Но что-то в мужике изменилось: как говорят сейчас, сменил круг общения. Уже не звонил, встречаясь случайно в Доме литераторов, здоровался вежливо, но торопливо, не вступая в разговор — похоже, опасался, как бы прежние приятели о чем-нибудь не попросили, исходя из его нового положения, в котором он еще не настолько укрепился, чтобы кому-то помогать. Мы все отнеслись к этому с пониманием: наверное, парню так лучше, и — дай ему Бог! Тем более что и прежде подобное случалось, хотя в нашем кругу исключительно редко. Но все же не на пустом месте Вадим Черняк написал невеселую песню, начинавшуюся такими строчками:
«Уходят, уходят, уходят друзья
Одни — в никуда, а другие в князья»…
Виталька, конечно, в князья еще не вышел, но при княжеском дворе перспективное место уже осваивал.
А спустя несколько лет вдруг совершенно неожиданное: повесился. Как, почему?

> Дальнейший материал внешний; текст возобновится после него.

lemma char_poly_mat2_eq_linear_factors:
  assumes "x + y = a + d" "x * y = a * d - b * c"
  shows "char_poly (mat2 a b c d) = [:- x, 1:] * [:- y, 1:]"
  by (simp add: char_poly_mat2 flip: assms)

lemma char_poly_mult_scalar_mat2:
  assumes "A \<in> carrier_mat 2 2" "x + y = A $$ (0, 0) + A $$ (1, 1)" "x * y = det A"
  shows "char_poly (A * mat2 z 0 0 z) = [:- (z * x), 1:] * [:- (z * y), 1:]"
proof -
  obtain p q r s where A: "A = mat2 p q r s"
    using mat2_eta[OF assms(1)] by blast
  have "z * x + z * y = z * p + z * s"
    using assms(2) unfolding A by (simp flip: distrib_left)
  moreover have "z * x * (z * y) = z * z * (x * y)"
    by (simp only: ac_simps)
  moreover have "x * y = p * s - q * r"
    using assms(3) unfolding A by (simp add: det_mat2)
  ultimately show ?thesis
    unfolding A mult_mat2 by (intro char_poly_mat2_eq_linear_factors) (simp_all add: algebra_simps)
qed

lemma burau_letter_mat2 [simp]:
  "burau_letter t ti S1 = mat2 (- t) 0 1 1"
  "burau_letter t ti S2 = mat2 1 t 0 (- t)"
  "burau_letter t ti S1inv = mat2 (- ti) 0 ti 1"
  "burau_letter t ti S2inv = mat2 1 1 0 (- ti)"
  by (simp_all add: mat2_def)

declare burau_letter.simps [simp del]

lemma burau_letter_carrier [simp]: "burau_letter t ti l \<in> carrier_mat 2 2"
  by (cases l) simp_all

lemma burau_Nil [simp]: "burau t ti [] = 1\<^sub>m 2"
  by (simp add: burau_def)

lemma burau_Cons [simp]: "burau t ti (l # w) = burau_letter t ti l * burau t ti w"
  by (simp add: burau_def)

lemma burau_carrier [simp]: "burau t ti w \<in> carrier_mat 2 2"
  by (induction w) (auto intro!: mult_carrier_mat[of _ 2 2 _ 2])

Кое-что потом просочилось. Не ладилось в семье, жена подала на развод, напористо требовала выгодного ей размена той самой однушки. Говорили, оставил ей записку: «Теперь все достанется тебе». Но и записка многое не объясняла. Конечно, любая бытовая грязь тяжела, особенно человеку творческой профессии. Но чтобы из-за этого молодой крепкий мужик.… Не такая уж у них была любовь.